lemma sat_unary_form_Rel:
  assumes "length ts = k" "0 < length w" "length w ^ k \<le> length w'" "3 * k < c"
    and "\<forall>x. \<nu>' (x + c) = \<nu> x" "\<nu>' 0 = length w - 1" "\<forall>t \<in> set ts. \<forall>x \<in> tvars t. \<nu> x < length w"
    and "unary_code (length w) k (\<rho> r) (\<rho>' r)"
  shows "sat bs L w' \<nu>' \<rho>' (unary_form c (Rel r ts)) \<longleftrightarrow> sat bs L w \<nu> \<rho> (Rel r ts)"
proof -
  let ?n = "length w" and ?N = "length w'"
  let ?v = "map (teval ?n \<nu>) ts"
  have v: "set ?v \<subseteq> {..<?n}"
    using assms(2,7) teval_less[of ?n] by auto
  have vals: "map (teval ?N \<nu>') (map (shift_trm c) ts) = ?v"
    using assms(5,6) by (simp add: teval_shift_trm)
  have base: "\<nu>' 0 + 1 = ?n"
    using assms(2,6) by simp
  have less: "horner ?n 0 ?v < ?n ^ k"
    using horner_less_and_digits_horner[of ?n ?v k] v assms(1,2) by simp
  have hval: "horner (\<nu>' 0 + 1) (teval ?N \<nu>' Mn) (map (teval ?N \<nu>') (map (shift_trm c) ts)) =
      horner ?n 0 ?v"
    by (simp only: base vals teval.simps)
  have "sat bs L w' \<nu>' \<rho>' (unary_form c (Rel r ts)) \<longleftrightarrow>
      [horner (\<nu>' 0 + 1) (teval ?N \<nu>' Mn) (map (teval ?N \<nu>') (map (shift_trm c) ts))] \<in> \<rho>' r"
    unfolding unary_form.simps
  proof (rule sat_horner_form)
    show "\<forall>t \<in> insert Mn (set (map (shift_trm c) ts)).
        \<forall>x \<in> tvars t. x < 1 \<or> 1 + 3 * length (map (shift_trm c) ts) \<le> x"
      using assms(1,4) tvars_shift_trm[of c] by fastforce
    show "horner (\<nu>' 0 + 1) (teval ?N \<nu>' Mn) (map (teval ?N \<nu>') (map (shift_trm c) ts)) < ?N"
      unfolding hval using less assms(3) by linarith
  qed simp_all
  also have "\<dots> \<longleftrightarrow> ?v \<in> \<rho> r"
    using assms(1,8) v unfolding hval unary_code_def by simp
  finally show ?thesis by simp
qed

lemma sat_unary_form:
  assumes "pureFO Sig k \<psi>" "w' = w @ ys" "0 < length w" "length w ^ k \<le> length w'" "3 * k < c"
    and "\<forall>x. \<nu>' (x + c) = \<nu> x" "\<nu>' 0 = length w - 1" "\<forall>x \<in> fv \<psi>. \<nu> x < length w"
    and "\<forall>r. unary_code (length w) k (\<rho> r) (\<rho>' r)"
  shows "sat bs L w' \<nu>' \<rho>' (unary_form c \<psi>) = sat bs L w \<nu> \<rho> \<psi>"
  using assms
proof (induction \<psi> arbitrary: \<nu> \<nu>')
  case (Eq s t)
  then show ?case using teval_shift_trm[of \<nu>' c \<nu> "length w"] by simp
next
  case (Less s t)
  then show ?case using teval_shift_trm[of \<nu>' c \<nu> "length w"] by simp
next
  case (Letter a t)
  then have "teval (length w) \<nu> t < length w"
    by (intro teval_less) auto
  then have "w' ! teval (length w) \<nu> t = w ! teval (length w) \<nu> t"
    using Letter.prems(2) nth_append_left by blast
  moreover have "teval (length w') \<nu>' (shift_trm c t) = teval (length w) \<nu> t"
    using Letter.prems(6,7) by (rule teval_shift_trm)
  ultimately show ?case
    by simp
next
  case (Rel r ts)
  then show ?case
    by (intro sat_unary_form_Rel) auto
next
  case (Conj \<phi> \<chi>)
  have "sat bs L w' \<nu>' \<rho>' (unary_form c \<phi>) = sat bs L w \<nu> \<rho> \<phi>"
    using Conj.prems by (intro Conj.IH(1)) auto
  moreover have "sat bs L w' \<nu>' \<rho>' (unary_form c \<chi>) = sat bs L w \<nu> \<rho> \<chi>"
    using Conj.prems by (intro Conj.IH(2)) auto
  ultimately show ?case
    by simp
next
  case (Ex x \<phi>)
  let ?n = "length w" and ?N = "length w'"
  have IH: "sat bs L w' (\<nu>'(x + c := i)) \<rho>' (unary_form c \<phi>) = sat bs L w (\<nu>(x := i)) \<rho> \<phi>"
    if "i < ?n" for i
    using Ex.prems that by (intro Ex.IH) auto
  have "sat bs L w' \<nu>' \<rho>' (unary_form c (Ex x \<phi>)) \<longleftrightarrow>
     (\<exists>i < ?N. i < ?n \<and> sat bs L w' (\<nu>'(x + c := i)) \<rho>' (unary_form c \<phi>))"
  proof -
    have "\<not> ?n - 1 < i \<longleftrightarrow> i < ?n" for i
      using Ex.prems(3) by linarith
    then show ?thesis
      using Ex.prems(5,7) by simp
  qed
  also have "\<dots> \<longleftrightarrow> (\<exists>i < ?n. sat bs L w (\<nu>(x := i)) \<rho> \<phi>)"
    using IH Ex.prems(2) by (metis length_append trans_less_add1)
  finally show ?case by simp
qed auto

lemma fv_unary_form: "fv (unary_form c \<psi>) \<subseteq> insert 0 ((\<lambda>x. x + c) ` fv \<psi>)"
proof (induction \<psi>)
  case (Rel r ts)
  have "fv (unary_form c (Rel r ts)) \<subseteq> insert 0 (\<Union>t \<in> set (map (shift_trm c) ts). tvars t)"
    unfolding unary_form.simps using fv_horner_form[of "\<lambda>z. Rel r [z]"] by fastforce
  then show ?case
    using tvars_shift_trm[of c] by fastforce
qed (use tvars_shift_trm[of c] in auto)

lemma frv_unary_form: "frv (unary_form c \<psi>) \<subseteq> frv \<psi>"
proof (induction \<psi>)
  case (Rel r ts)
  show ?case
    unfolding unary_form.simps by (rule frv_horner_form) simp
qed auto

lemma wf_FOQ_unary_form: "pureFO Sig k \<psi> \<Longrightarrow> Sig \<subseteq> S \<Longrightarrow> wf_FOQ S s (unary_form c \<psi>)"
  by (induction \<psi>) (auto intro: wf_FOQ_horner_form)

lemma unary_code_upd:
  assumes "\<forall>r. unary_code n k (\<rho> r) (\<rho>' r)" "list_all2 (unary_code n k) As As'"
  shows "\<forall>r. unary_code n k (upd \<rho> Xs As r) (upd \<rho>' Xs As' r)"
  using assms(2)
proof (induction Xs arbitrary: As As')
  case (Cons x Xs)
  show ?case
  proof (cases As)
    case Nil
    with Cons.prems assms(1) show ?thesis by simp
  next
    case (Cons A As1)
    with Cons.prems obtain A' As1' where
      "As' = A' # As1'" "unary_code n k A A'" "list_all2 (unary_code n k) As1 As1'"
      by (auto simp: list_all2_Cons1)
    with Cons.IH[of As1 As1'] Cons show ?thesis by simp
  qed
qed (use assms(1) in simp)

lemma tuples_comprehension:
  assumes "0 < n"
  shows "{tuples n k ! j |j. j < n ^ k \<and> P j} = digits n k ` {j. j < n ^ k \<and> P j}"
proof -
  have "{tuples n k ! j |j. j < n ^ k \<and> P j} = (!) (tuples n k) ` {j. j < n ^ k \<and> P j}"
    by blast
  also have "\<dots> = digits n k ` {j. j < n ^ k \<and> P j}"
    using nth_tuples[OF assms] by (intro image_cong) auto
  finally show ?thesis .
qed

lemma mem_digits_image_iff:
  assumes "0 < n" "S \<subseteq> {..<n ^ k}" "length v = k" "set v \<subseteq> {..<n}"
  shows "v \<in> digits n k ` S \<longleftrightarrow> horner n 0 v \<in> S"
proof
  assume "v \<in> digits n k ` S"
  then obtain j where "j \<in> S" "v = digits n k j"
    by blast
  moreover have "j < n ^ k"
    using \<open>j \<in> S\<close> assms(2) by blast
  ultimately show "horner n 0 v \<in> S"
    using horner_digits[OF assms(1)] by simp
next
  assume "horner n 0 v \<in> S"
  then show "v \<in> digits n k ` S"
    using horner_less_and_digits_horner[OF assms(1,3,4)] by (metis image_eqI)
qed

lemma unary_code_decode:
  assumes "0 < n" "N = n ^ k"
  shows "list_all2 (unary_code n k) (decode n k t cd) (decode N 1 t cd)"
proof -
  have "unary_code n k (digits n k ` {j. j < n ^ k \<and> cd ! (i * n ^ k + j)})
                       (digits N 1 ` {j. j < N \<and> cd ! (i * N + j)})" for i
    unfolding unary_code_def
  proof (intro allI impI)
    fix v :: "nat list"
    assume v: "length v = k \<and> set v \<subseteq> {..<n}"
    have "v \<in> digits n k ` {j. j < n ^ k \<and> cd ! (i * n ^ k + j)} \<longleftrightarrow>
        horner n 0 v \<in> {j. j < n ^ k \<and> cd ! (i * n ^ k + j)}"
      using v by (intro mem_digits_image_iff[OF assms(1)]) auto
    then show "v \<in> digits n k ` {j. j < n ^ k \<and> cd ! (i * n ^ k + j)} \<longleftrightarrow>
        [horner n 0 v] \<in> digits N 1 ` {j. j < N \<and> cd ! (i * N + j)}"
      using assms(2) by auto
  qed
  moreover have "0 < N"
    using assms by simp
  ultimately show ?thesis
    unfolding decode_def tuples_comprehension[OF assms(1)] tuples_comprehension[OF \<open>0 < N\<close>]
    by (auto simp: list_all2_conv_all_nth)
qed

════════════════

Lines from the entries that contain the word "also" are what the answer must hold.

Result of the task:
  also have "\<dots> \<longleftrightarrow> ?v \<in> \<rho> r"
  also have "\<dots> \<longleftrightarrow> (\<exists>i < ?n. sat bs L w (\<nu>(x := i)) \<rho> \<phi>)"
  also have "\<dots> = digits n k ` {j. j < n ^ k \<and> P j}"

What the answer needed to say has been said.